Thursday, October 22, 2009

Where the Wild Things Are

"You Don't Need to Know Me. I'm Kind of a Downer"

Spike Jonze's adaptation (with Dave Eggers) of Maurice Sendak's "Where the Wild Things Are" is a one-of-a-kind visual treata live-action transformation of Sendak's illustrations in big furry three dimensions, amid stark landscapes of forests, sand dunes and vast beaches that a kid would want to scamper in. Anything but bucolic, it's a weird world of the psyche where young Max (Max Records) must sort out his conflicted kid-emotions of wildness and security, of independence and family, and his own way of self-sabotaging things he likes. At his age, Max is his own worst enemy, and to find his demons he journeys to a land of monsters who play out facets of his personality, trying to make them act in harmony. There's plenty of time to rumpus, but more time is spent putting the pieces back together.

Little Max is already in a world of his own. When we first see him, he's making one of his many enclosures, an igloo, that will stand in for any number of "forts" that he constructs as his own fantasy version of a house, a home—one that he can control, rather than his parents.

Or parent. Max's mom (
Catherine Keener) is a working Mom, not at home much, and Big Sister has her "crowd"—Max might as well be on his own. So, when things blow up at home, he runs away to the woods, where after some dreamy slo-mo dissolves, he finds a boat and sails off (on a rather scary trip) to an island of monsters in the process of tearing apart their own homes. There's Carol, the most destructive one, and Judith and Ira, needy and neurotic, Douglas, a loyal bird, Alexander, a sensitive goat, the Bull—who stands alone—and KW, a nurturing monster. They're bickering and feuding and in disarray, but Max unites them by telling him he was a king, and soon he gives them direction, purpose, fun...and, inevitably conflict.

The work realizing the Wild Things is incredible: Jim Henson's Creature Shop has made nine foot tall creatures (although they were closer to Max's size in the book), and some expressive CGI completes the illusion of the enormously dexterous faces.
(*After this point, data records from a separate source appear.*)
lemma E_s_0: "E (s 0) = 0"
proof -
  have "(E ^^ 1) (F (E v)) = 0"
  proof (rule E_pow_vanishing_descent[OF FEv_has_weight _ _ _])
    show "shifted_casimir c\<^sub>0 (of_nat i) (shifted_casimir c\<^sub>0 (of_nat i) (F (E v))) = 0"
      using shifted_casimir_FEv by simp
    txt \<open>In weight \<open>i + 2j + 2 = 2r - i - 2\<close> the Casimir constant is \<open>c\<^sub>0\<close> again, so the
      descent has to start below it; there \<open>E\<^sup>j\<^sup>+\<^sup>1FEv = (C - c\<^sub>0)E\<^sup>j\<^sup>+\<^sup>1v\<close>.\<close>
    have "casimir_const r (of_int (int i + 2 * int (j + 1))) = c\<^sub>0"
      using casimir_const_reflect[of r "int i + 2 * int (j + 1)" "int i"] r_eq by simp
    then have "(E ^^ (j + 1)) (F (E v)) = F (E ((E ^^ (j + 1)) v))"
      using E_pow_shifted_casimir[OF v_has_weight, of "j + 1" c\<^sub>0]
      by (simp add: shifted_casimir_v shifted_casimir_def)
    then show "(E ^^ (j + 1)) (F (E v)) = 0"
      using E_pow_v_eq_0 by (simp add: funpow_swap1)
    show "1 \<le> j + 1"
      by simp
    fix n assume n: "1 \<le> n" "n < j + 1"
    have "casimir_const r (of_int (int i + 2 * int n)) \<noteq> c\<^sub>0"
    proof (rule casimir_const_neq_c0)
      show "\<not> int (2 * r) dvd (int i + 2 * int n - int i)"
        by (rule not_dvd_between_multiples[where k = 0]) (use n r_eq in simp_all)
      show "\<not> int (2 * r) dvd (int i + 2 * int n + int i + 2)"
        by (rule not_dvd_between_multiples[where k = 0]) (use n r_eq in simp_all)
    qed
    then show "casimir_const r (of_nat i + 2 * of_nat n) \<noteq> c\<^sub>0"
      by simp
  qed
  then show ?thesis
    by (simp add: s_eq)
qed

lemma F_s_top: "F (s i) = 0"
proof -
  have "(F ^^ (i + 1)) (F (E v)) = 0"
  proof (rule F_pow_vanishing_descent[OF FEv_has_weight _ _ _])
    show "shifted_casimir c\<^sub>0 (of_nat i) (shifted_casimir c\<^sub>0 (of_nat i) (F (E v))) = 0"
      using shifted_casimir_FEv by simp
    have "(F ^^ (i + j + 1)) (F (E v)) = (F ^^ r) (E v)"
      by (simp add: r_eq funpow_swap1)
    then show "(F ^^ (i + j + 1)) (F (E v)) = 0"
      by (simp add: F_pow_r)
    show "i + 1 \<le> i + j + 1"
      by simp
    fix n assume n: "i + 1 \<le> n" "n < i + j + 1"
    have "casimir_const r (of_int (int i - 2 * int n - 2)) \<noteq> c\<^sub>0"
    proof (rule casimir_const_neq_c0)
      show "\<not> int (2 * r) dvd (int i - 2 * int n - 2 - int i)"
        by (rule not_dvd_between_multiples[where k = "-1"]) (use n r_eq in simp_all)
      show "\<not> int (2 * r) dvd (int i - 2 * int n - 2 + int i + 2)"
        by (rule not_dvd_between_multiples[where k = "-1"]) (use n r_eq in simp_all)
    qed
    then show "casimir_const r (of_nat i - 2 * of_nat n - 2) \<noteq> c\<^sub>0"
      by simp
  qed
  then show ?thesis
    by (simp add: s_eq)
qed

lemma F_pow_FEv_eq_0:
  assumes "i + 1 \<le> n"
  shows "(F ^^ n) (F (E v)) = 0"
proof -
  define m where "m = n - Suc i"
  have "n = m + Suc i"
    using assms unfolding m_def by simp
  then have "(F ^^ n) (F (E v)) = (F ^^ m) (F (s i))"
    by (simp only: s_eq funpow_add o_apply funpow.simps(2))
  then show ?thesis
    using F_s_top by simp
qed

lemma F_L_top: "F (L j) = 0"
proof -
  have "F (L j) = (F ^^ (Suc j + (i + 1))) v"
    unfolding L_eq funpow_add o_apply by simp
  also have "Suc j + (i + 1) = r"
    using r_eq by simp
  finally show ?thesis
    by (simp add: F_pow_r)
qed

lemma E_R: "E (R k) = R (k + 1)"
  and E_h_0: "E (h 0) = R 0"
  and F_R_0: "F (R 0) = s 0"
  and F_h: "F (h k) = h (k + 1)"
  and F_s: "F (s k) = s (k + 1)"
  and F_L: "F (L k) = L (k + 1)"
  and F_h_top: "F (h i) = L 0"
  by (simp_all add: R_eq h_eq s_eq L_eq)

lemma E_L_0: "E (L 0) = s i"
  using EF_pow_has_weight[OF v_has_weight, of i] by (simp add: L_eq s_eq funpow_swap1)

lemma E_h:
  assumes "0 < k"
  shows "E (h k) = scale (qgamma r i k) (h (k - 1)) + s (k - 1)"
proof -
  obtain n where k: "k = Suc n"
    using assms by (cases k) auto
  show ?thesis
    using EF_pow_has_weight[OF v_has_weight, of n]
    unfolding k h_eq s_eq qgamma_def by (simp add: funpow_swap1 add.commute)
qed

lemma E_s:
  assumes "0 < k"
  shows "E (s k) = scale (qgamma r i k) (s (k - 1))"
proof -
  obtain n where k: "k = Suc n"
    using assms by (cases k) auto
  show ?thesis
    using EF_pow_has_weight[OF FEv_has_weight, of n] E_s_0
    unfolding k s_eq qgamma_def by simp
qed

lemma F_R:
  assumes "0 < k"
  shows "F (R k) = scale (- qgamma r j k) (R (k - 1))"
proof -
  obtain n where k: "k = Suc n"
    using assms by (cases k) auto
  have reflect: "(of_nat j - of_nat k + 1 :: complex) = of_nat r - (of_nat i + 2 + of_nat k - 1)"
    using r_eq by simp
  have "qint r (of_nat j - of_nat k + 1) = qint r (of_nat i + 2 + of_nat k - 1)"
    unfolding reflect using i_le by (intro qint_reflect) simp
  then have "qgamma r j k = qint r (of_nat k) * qint r (of_nat i + 2 + of_nat k - 1)"
    unfolding qgamma_def by simp
  then show ?thesis
    using FE_pow_has_weight[OF has_weight_E[OF v_has_weight], of n] E_s_0
    unfolding k R_eq by (simp add: s_eq funpow_swap1)
qed

lemma E_L:
  assumes "0 < k"
  shows "E (L k) = scale (- qgamma r j k) (L (k - 1))"
proof -
  obtain n where k: "k = Suc n"
    using assms by (cases k) auto
  have L_alt: "L m = (F ^^ (m + (i + 1))) v" for m
    unfolding L_eq funpow_add o_apply ..
  have reflect: "(of_nat j - of_nat k + 1 :: complex) = of_nat r - of_nat (Suc (n + (i + 1)))"
    using r_eq unfolding k by simp
  have "qint r (of_nat j - of_nat k + 1) = qint r (of_nat (Suc (n + (i + 1))))"
    unfolding reflect using i_le by (intro qint_reflect) simp
  moreover have "(of_nat i - of_nat (Suc (n + (i + 1))) + 1 :: complex) = - of_nat k"
    unfolding k by simp
  ultimately have "qint r (of_nat (Suc (n + (i + 1)))) * qint r (of_nat i - of_nat (Suc (n + (i + 1))) + 1)
      = - qgamma r j k"
    unfolding qgamma_def by (simp add: qint_minus)
  moreover have "(F ^^ Suc (n + (i + 1))) (E v) = 0"
    using F_pow_FEv_eq_0[of "n + (i + 1)"] by (simp add: funpow_swap1)
  ultimately show ?thesis
    using EF_pow_has_weight[OF v_has_weight, of "n + (i + 1)"] unfolding L_alt k by simp
qed

lemma h_has_weight: "has_weight (h k) (of_int (int i - 2 * int k))"
  using has_weight_F_pow[OF v_has_weight] by (simp add: h_eq)

lemma s_has_weight: "has_weight (s k) (of_int (int i - 2 * int k))"
  using has_weight_F_pow[OF FEv_has_weight] by (simp add: s_eq)

lemma R_has_weight: "has_weight (R k) (of_int (int r - int j + 2 * int k))"
proof -
  have "(of_int (int r - int j + 2 * int k) :: complex) = of_nat i + 2 + 2 * of_nat k"
    using r_eq by simp
  then show ?thesis
    using has_weight_E_pow[OF has_weight_E[OF v_has_weight], of k] by (simp only: R_eq)
qed

lemma L_has_weight: "has_weight (L k) (of_int (int j - int r - 2 * int k))"
proof -
  have "(of_int (int j - int r - 2 * int k) :: complex) = of_nat i - 2 * of_nat (i + 1) - 2 * of_nat k"
    using r_eq by simp
  then show ?thesis
    using has_weight_F_pow[OF has_weight_F_pow[OF v_has_weight, of "i + 1"], of k] by (simp only: L_eq)
qed

abbreviation generators :: "'a set" where
  "generators \<equiv> h ` {0..i} \<union> R ` {0..j} \<union> s ` {0..i} \<union> L ` {0..j}"

lemma generators_in_span:
  "k \<le> i \<Longrightarrow> h k \<in> span generators" "k \<le> j \<Longrightarrow> R k \<in> span generators"
  "k \<le> i \<Longrightarrow> s k \<in> span generators" "k \<le> j \<Longrightarrow> L k \<in> span generators"
  by (simp_all add: span_base)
The personalities are breathed into the creatures by the voice-actors playing the characters: Catherine O'Hara as Judith, Forest Whitaker as Ira, Chris Cooper as Douglas, Paul Dano as Alexander, and Lauren Ambrose as KW. But standing above them all is James Gandolfini as the conflicted Carol. Although it's just Gandolfini's voice (the creatures were played by puppeteers in the suits), he invests his entire soul in it. Indeed, no performance has depended so much on a star's wheezing nasal passages and breath patterns than anywhere outside a Yimou Zhang film.

Sendak's book only has ten sentences in it. And Eggars and Jonze have expanded it by delving deep into the psychology of the thing to examine the rending forces of having a personality and having to be dependent, of knowing enough to get you into trouble but not knowing what you don't know, or reacting without knowing why—the animal instincts of being a human child.
The maturing journey that is the core of Sendak's storyof confronting your demons and making peace with them—breaks down into a series of compromises and political choices that will create the greatest good, and the film ends with one of the quietest and most compelling depictions of the give-and-take of a child-parent relationship that has ever graced the screen.

But....

But.

I can't imagine a kid sitting through this movie without feeling like he's being punished. It's a dinner of nothing but vegetables. It's a Christmas only getting clothes. A bun and no weinie. Playtime with Dr. Bruno Bettleheim (carrying a clipboard). It's something an adult thinks is good for a kid.

It's a doctoral thesis on Sendak's book put to screen. It's smart and intuitive and beautiful. The one thing it isn't is fun.

Oh, there are laughs. It's frequently amusing, in a telling kind of way. Telling doesn't do it for a kid. Ya gotta show 'em. And kids will enjoy the playing and the rumpus and the tunnels and the dirt-clods fight, but the squabbling monsters are going to put frowns on their faces and questions in their heads. As gramma used to say "It's always fun until the monsters start crying."

A kid's movie succeeds when it enchants the child and engages the parent. It's a major blunder, however, to make a children's movie that only appeals to your inner adult.


"Where the Wild Things Are" is a Matinee.


2 comments:

John said...

I felt that the film wasn't targeted at children at all... but to adults (like myself) who grew up reading the book and have the iconography of its characters imprinted in our souls. I loved every second of it... and recommend it to every 30 something that I know. But wouldn't really suggest it to many 10 year olds.

"Yojimbo_5" said...

I stand by the last two lines of the review.

You may be right that the film-makers didn't target the film to kids at all. If they didn't, they're dumber than I thought.